Al volver a visitar el lugar, respiró hondo, reprimió las emociones fluctuantes y caminó hacia el valle a grandes zancadas. Parecía haber algún tipo de restricción en este valle. Tan pronto como la Hoja de Escarcha se acercó, comenzó a emitir un zumbido agudo. El cuerpo de la espada temblaba tanto que casi no podía controlarlo, negándose a entrar en el valle a toda costa, como si temiera algo extremadamente. Cheng Qian tuvo que bajar y caminar él mismo.

Esto le recordó la escena de su primera visita. El Señor de la Isla Gu había enviado a un grupo de cultivadores a buscarlo, pero esos expertos, por alguna razón, se negaron a entrar en el valle a toda costa.

Cheng Qian levantó la cabeza y vio que el Valle del Olvido parecía una gran pieza de jade natural.
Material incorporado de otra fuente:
text \<open>Gelfand (weak-star) topology: pointwise convergence on Lmc(S).\<close>
definition SLmc_top :: "(('a::{topological_space, semigroup_mult} \<Rightarrow> complex) \<Rightarrow> complex) topology" where
  "SLmc_top = subtopology (product_topology (\<lambda>_. euclidean) Lmc) SLmc"

definition lmc_mult :: "(('a::{topological_space, semigroup_mult} \<Rightarrow> complex) \<Rightarrow> complex)
    \<Rightarrow> (('a \<Rightarrow> complex) \<Rightarrow> complex) \<Rightarrow> (('a \<Rightarrow> complex) \<Rightarrow> complex)" where
  "lmc_mult \<mu> \<nu> = restrict (\<lambda>f. \<mu> (Tmu \<nu> f)) Lmc"

definition evl :: "'a::{topological_space, semigroup_mult} \<Rightarrow> (('a \<Rightarrow> complex) \<Rightarrow> complex)" where
  "evl s = restrict (\<lambda>f. f s) Lmc"

definition Sstar :: "(('a::{topological_space, semigroup_mult} \<Rightarrow> complex) \<Rightarrow> complex) set" where
  "Sstar = SLmc - range evl"

definition lmc_closure :: "'a::{topological_space, semigroup_mult} set \<Rightarrow> (('a \<Rightarrow> complex) \<Rightarrow> complex) set" where
  "lmc_closure A = SLmc_top closure_of (evl ` A)"

definition unbounded_set :: "'a::{topological_space, semigroup_mult} set \<Rightarrow> bool" where
  "unbounded_set A \<longleftrightarrow> lmc_closure A \<inter> Sstar \<noteq> {}"

definition unbounded_seq :: "(nat \<Rightarrow> 'a::{topological_space, semigroup_mult}) \<Rightarrow> bool" where
  "unbounded_seq x \<longleftrightarrow> unbounded_set (range x)"

definition SLmc_commutative :: "'a::{topological_space, semigroup_mult} itself \<Rightarrow> bool" where
  "SLmc_commutative _ \<longleftrightarrow>
     (\<forall>\<mu>\<in>(SLmc :: (('a \<Rightarrow> complex) \<Rightarrow> complex) set). \<forall>\<nu>\<in>SLmc. lmc_mult \<mu> \<nu> = lmc_mult \<nu> \<mu>)"

end

theory Submission
  imports Defs
begin

(* Everything goes through point evaluations. A character of an algebra of bounded continuous
   functions that is closed under inverting functions bounded away from 0 is a pointwise limit of
   evaluations. With Tychonoff's theorem this turns closures in S^Lmc into pointwise closures of
   evaluations, extends every character of Lmc(S) to CB(S), and makes S^Lmc closed under its product.

   If mu nu and nu mu differ at f, with values a and b, dependent choice yields sequences x, y with
   f(x_k y_n) near a and f(y_k x_n) near b for all k < n, so f separates the two closures. Cluster
   points phi, psi of the tails of x and y satisfy phi psi f near a and psi phi f near b; since
   evaluations at points of a commutative S commute with every element of S^Lmc, phi and psi lie in
   S^*, so x and y are unbounded. Conversely, if mu and nu in S^* are cluster points of x and y,
   then mu nu lies in the closure of {x_k y_n : k < n} (nu still adheres to every tail of y) and
   nu mu in the closure of {y_k x_n : k < n}, so disjointness gives mu nu <> nu mu. *)

section \<open>Directed families and dependent choice\<close>

lemma directed_finite_lower_bound:
  assumes "\<P> \<noteq> {}" and directed: "\<And>P Q. P \<in> \<P> \<Longrightarrow> Q \<in> \<P> \<Longrightarrow> \<exists>R\<in>\<P>. R \<subseteq> P \<inter> Q"
    and "finite \<F>" "\<F> \<subseteq> \<P>"
  shows "\<exists>R\<in>\<P>. R \<subseteq> \<Inter>\<F>"
  using assms(3,4)
proof (induction \<F> rule: finite_induct)
  case empty then show ?case using assms(1) by auto
next
  case (insert P \<F>)
  then obtain R where "R \<in> \<P>" "R \<subseteq> \<Inter>\<F>" by auto
  moreover obtain R' where "R' \<in> \<P>" "R' \<subseteq> P \<inter> R"
    using directed[of P R] insert.prems \<open>R \<in> \<P>\<close> by blast
  ultimately show ?case by blast
qed

lemma compact_space_Inter_closure_of_image:
  assumes "compact_space X" and "\<P> \<noteq> {}" and nonempty: "\<And>P. P \<in> \<P> \<Longrightarrow> P \<noteq> {}"
    and directed: "\<And>P Q. P \<in> \<P> \<Longrightarrow> Q \<in> \<P> \<Longrightarrow> \<exists>R\<in>\<P>. R \<subseteq> P \<inter> Q"
    and ev: "range ev \<subseteq> topspace X"
  shows "\<Inter>((\<lambda>P. X closure_of (ev ` P)) ` \<P>) \<noteq> {}"
proof -
  define D where "D = (\<lambda>P. X closure_of (ev ` P))"
  have closed: "\<forall>C\<in>D ` \<P>. closedin X C" by (simp add: D_def)
  have fip: "\<forall>\<F>. finite \<F> \<and> \<F> \<subseteq> D ` \<P> \<longrightarrow> \<Inter>\<F> \<noteq> {}"
  proof (intro allI impI)
    fix \<F> assume \<F>: "finite \<F> \<and> \<F> \<subseteq> D ` \<P>"
    then obtain \<Q> where \<Q>: "\<Q> \<subseteq> \<P>" "finite \<Q>" "\<F> = D ` \<Q>"
      by (meson finite_subset_image)
    then obtain R where R: "R \<in> \<P>" "R \<subseteq> \<Inter>\<Q>"
      using directed_finite_lower_bound[OF \<open>\<P> \<noteq> {}\<close> directed] by blast
    obtain s where "s \<in> R" using nonempty[OF R(1)] by blast
    have "ev s \<in> D Q" if "Q \<in> \<Q>" for Q
    proof -
      have "s \<in> Q" using \<open>s \<in> R\<close> R(2) that by blast
      moreover have "ev ` Q \<subseteq> topspace X" using ev by blast
      ultimately show ?thesis unfolding D_def using closure_of_subset by blast
    qed
    then show "\<Inter>\<F> \<noteq> {}" unfolding \<Q>(3) by blast
  qed
  show ?thesis
    using assms(1)[unfolded compact_space_fip] closed fip unfolding D_def by blast
qed

lemma pairwise_dependent_choice:
  assumes step: "\<And>F. finite F \<Longrightarrow> \<forall>p\<in>F. Q p \<Longrightarrow> \<exists>z. Q z \<and> (\<forall>p\<in>F. R p z)"
  shows "\<exists>z. \<forall>k n::nat. k < n \<longrightarrow> R (z k) (z n)"
proof -
  define next_pt where "next_pt = (\<lambda>ps. SOME z. Q z \<and> (\<forall>p\<in>set ps. R p z))"
  define pts where "pts = rec_nat [] (\<lambda>_ ps. ps @ [next_pt ps])"
  define z where "z = (\<lambda>n. next_pt (pts n))"
  have pts_Suc: "pts (Suc n) = pts n @ [z n]" for n
    by (simp add: pts_def z_def)
  have z: "Q (z n) \<and> (\<forall>p\<in>set (pts n). R p (z n))" if "\<forall>p\<in>set (pts n). Q p" for n
    unfolding z_def next_pt_def by (rule someI_ex) (use step that in simp)
  have pts: "(\<forall>p\<in>set (pts n). Q p) \<and> pts n = map z [0..<n]" for n
  proof (induction n)
    case (Suc n)
    then show ?case using z[of n] by (simp add: pts_Suc)
  qed (simp add: pts_def)
  have "R (z k) (z n)" if "k < n" for k n
  proof -
    have "z k \<in> set (pts n)" using pts[of n] that by simp
    then show ?thesis using z[of n] pts[of n] by blast
  qed
  then show ?thesis by blast
qed

section \<open>Pointwise closures of point evaluations\<close>

lemma zero_if_norm_le_all: "(\<And>e. 0 < e \<Longrightarrow> cmod z \<le> e) \<Longrightarrow> z = 0"
  by (metis field_le_epsilon add_0 norm_le_zero_iff)

lemma ex_common_ball:
  fixes c :: "'i \<Rightarrow> 'b::metric_space"
  assumes "finite G" "\<And>g. g \<in> G \<Longrightarrow> open (V g)" "\<And>g. g \<in> G \<Longrightarrow> c g \<in> V g"
  shows "\<exists>e>0. \<forall>g\<in>G. ball (c g) e \<subseteq> V g"
proof -
  have "\<forall>g\<in>G. \<exists>r>0. ball (c g) r \<subseteq> V g" using assms(2,3) open_contains_ball by blast
  then obtain r where r: "\<forall>g\<in>G. 0 < r g \<and> ball (c g) (r g) \<subseteq> V g"
    using bchoice[of G "\<lambda>g r. 0 < r \<and> ball (c g) r \<subseteq> V g"] by blast
  define e where "e = Min (insert 1 (r ` G))"
  have "0 < e" "\<And>g. g \<in> G \<Longrightarrow> e \<le> r g"
    using assms(1) r unfolding e_def by (auto simp: Min_gr_iff)
  then show ?thesis using r by (meson subset_ball subset_trans)
qed

text \<open>\<phi> lies in the closure of the evaluations at points of P, for the topology of pointwise
  convergence on A.\<close>
definition in_eval_closure ::
    "('a \<Rightarrow> complex) set \<Rightarrow> 'a set \<Rightarrow> (('a \<Rightarrow> complex) \<Rightarrow> complex) \<Rightarrow> bool" where
  "in_eval_closure A P \<phi> \<longleftrightarrow>
     (\<forall>G e. finite G \<longrightarrow> G \<subseteq> A \<longrightarrow> 0 < e \<longrightarrow> (\<exists>s\<in>P. \<forall>g\<in>G. cmod (g s - \<phi> g) < e))"

lemma in_eval_closureI:
  "(\<And>G e. finite G \<Longrightarrow> G \<subseteq> A \<Longrightarrow> 0 < e \<Longrightarrow> \<exists>s\<in>P. \<forall>g\<in>G. cmod (g s - \<phi> g) < e)
    \<Longrightarrow> in_eval_closure A P \<phi>"
  unfolding in_eval_closure_def by blast

lemma in_eval_closureD:
  "in_eval_closure A P \<phi> \<Longrightarrow> finite G \<Longrightarrow> G \<subseteq> A \<Longrightarrow> 0 < e \<Longrightarrow> \<exists>s\<in>P. \<forall>g\<in>G. cmod (g s - \<phi> g) < e"
  unfolding in_eval_closure_def by blast

lemma in_eval_closure_mono: "in_eval_closure A P \<phi> \<Longrightarrow> P \<subseteq> Q \<Longrightarrow> in_eval_closure A Q \<phi>"
  unfolding in_eval_closure_def by (meson subsetD)

lemma in_eval_closure_seq:
  assumes "in_eval_closure A P \<phi>" "finite G" "G \<subseteq> A"
  obtains s where "\<And>n. s n \<in> P" "\<And>g. g \<in> G \<Longrightarrow> (\<lambda>n. g (s n)) \<longlonglongrightarrow> \<phi> g"
proof -
  have "\<forall>n. \<exists>s\<in>P. \<forall>g\<in>G. cmod (g s - \<phi> g) < 1 / Suc n"
    using in_eval_closureD[OF assms] by simp
  then obtain s where s: "\<And>n. s n \<in> P" "\<And>n g. g \<in> G \<Longrightarrow> cmod (g (s n) - \<phi> g) < 1 / Suc n"
    by metis
  have "(\<lambda>n. g (s n)) \<longlonglongrightarrow> \<phi> g" if "g \<in> G" for g
  proof (rule LIMSEQ_I)
    fix r :: real assume "0 < r"
    then obtain N where N: "1 / Suc N < r" using nat_approx_posE by blast
    have "cmod (g (s n) - \<phi> g) < r" if "N \<le> n" for n
    proof -
      have "1 / real (Suc n) \<le> 1 / Suc N" using that by (simp add: frac_le)
      then show ?thesis using s(2)[OF \<open>g \<in> G\<close>, of n] N by linarith
    qed
    then show "\<exists>N. \<forall>n\<ge>N. norm (g (s n) - \<phi> g) < r" by blast
  qed
  then show thesis using that s(1) by blast
qed

lemma in_eval_closure_norm_le:
  assumes "in_eval_closure A P \<phi>" "g \<in> A" and bound: "\<And>s. s \<in> P \<Longrightarrow> cmod (g s - c) \<le> \<delta>"
  shows "cmod (\<phi> g - c) \<le> \<delta>"
proof -
  obtain s where "\<And>n. s n \<in> P" "(\<lambda>n. g (s n)) \<longlonglongrightarrow> \<phi> g"
    using in_eval_closure_seq[OF assms(1), of "{g}"] assms(2) by auto
  then show ?thesis
    using bound
    by (intro tendsto_upperbound[OF tendsto_norm[OF tendsto_diff[OF _ tendsto_const]]]) auto
qed

lemma in_eval_closure_Diff_finite:
  assumes \<phi>: "in_eval_closure A P \<phi>" and F: "finite F"
    and separated: "\<And>s. s \<in> F \<Longrightarrow> \<exists>h\<in>A. \<phi> h \<noteq> h s"
  shows "in_eval_closure A (P - F) \<phi>"
proof (rule in_eval_closureI)
  fix G e assume G: "finite G" "G \<subseteq> A" and e: "0 < (e::real)"
  obtain H where H: "\<And>s. s \<in> F \<Longrightarrow> H s \<in> A \<and> \<phi> (H s) \<noteq> H s s"
    using separated by metis
  define e' where "e' = Min (insert e ((\<lambda>s. cmod (H s s - \<phi> (H s))) ` F))"
  have "0 < cmod (H s s - \<phi> (H s))" if "s \<in> F" for s
    using H[OF that] by auto
  then have "0 < e'" unfolding e'_def using e F by (subst Min_gr_iff) auto
  have "e' \<le> e" unfolding e'_def using F by (intro Min_le) auto
  have e'_le: "e' \<le> cmod (H s s - \<phi> (H s))" if "s \<in> F" for s
    unfolding e'_def using F that by (intro Min_le) auto
  have "finite (G \<union> H ` F)" using G(1) F by simp
  moreover have "G \<union> H ` F \<subseteq> A" using G(2) H by blast
  ultimately
  obtain p where p: "p \<in> P" "\<forall>g\<in>G \<union> H ` F. cmod (g p - \<phi> g) < e'"
    by (meson in_eval_closureD[OF \<phi>] \<open>0 < e'\<close>)
  have "p \<notin> F"
  proof
    assume "p \<in> F"
    then have "cmod (H p p - \<phi> (H p)) < e'" using p(2) by blast
    with e'_le[OF \<open>p \<in> F\<close>] show False by linarith
  qed
  moreover have "cmod (g p - \<phi> g) < e" if "g \<in> G" for g
  proof -
    have "cmod (g p - \<phi> g) < e'" using p(2) that by blast
    then show ?thesis using \<open>e' \<le> e\<close> by linarith
  qed
  ultimately show "\<exists>s\<in>P - F. \<forall>g\<in>G. cmod (g s - \<phi> g) < e" using p(1) by blast
qed

lemma in_eval_closure_if_in_closure_of:
  assumes cont: "\<And>g. g \<in> A \<Longrightarrow> continuous_map T euclidean (\<lambda>\<psi>. \<psi> g)"
    and \<phi>: "\<phi> \<in> T closure_of ((\<lambda>s. restrict (\<lambda>g. g s) A) ` P)"
  shows "in_eval_closure A P \<phi>"
proof (rule in_eval_closureI)
  fix G e assume G: "finite G" "G \<subseteq> A" and e: "0 < (e::real)"
  define U where "U = (\<Inter>g\<in>G. {\<psi> \<in> topspace T. \<psi> g \<in> ball (\<phi> g) e}) \<inter> topspace T"
  have "openin T U"
    unfolding U_def using G cont
    by (intro openin_INT openin_continuous_map_preimage[where Y=euclidean]) auto
  moreover have "\<phi> \<in> topspace T" using \<phi> by (simp add: in_closure_of)
  then have "\<phi> \<in> U" unfolding U_def using e by simp
  ultimately have "\<exists>y. y \<in> (\<lambda>s. restrict (\<lambda>g. g s) A) ` P \<and> y \<in> U"
    using \<phi> unfolding in_closure_of by blast
  then obtain s where s: "s \<in> P" "restrict (\<lambda>g. g s) A \<in> U" by blast
  have "cmod (g s - \<phi> g) < e" if "g \<in> G" for g
  proof -
    have "restrict (\<lambda>g. g s) A g \<in> ball (\<phi> g) e" using s(2) that unfolding U_def by blast
    then show ?thesis using that G(2) by (auto simp: dist_norm norm_minus_commute)
  qed
  then show "\<exists>s\<in>P. \<forall>g\<in>G. cmod (g s - \<phi> g) < e" using s(1) by blast
qed

section \<open>Characters of algebras of bounded continuous functions\<close>

lemma mem_CB_iff: "f \<in> CB \<longleftrightarrow> continuous_on UNIV f \<and> (\<exists>B. \<forall>x. cmod (f x) \<le> B)"
  unfolding CB_def bounded_iff by auto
Mirando desde lejos, bajo la luz del sol, parecía haber una capa de humo brumoso y misterioso, que no parecía pertenecer al mundo mortal.

No sabía si era porque su cuerpo original actual de Jade de Reunión de Espíritus era demasiado sensible, pero Cheng Qian siempre sentía que había un aura inusual en este valle.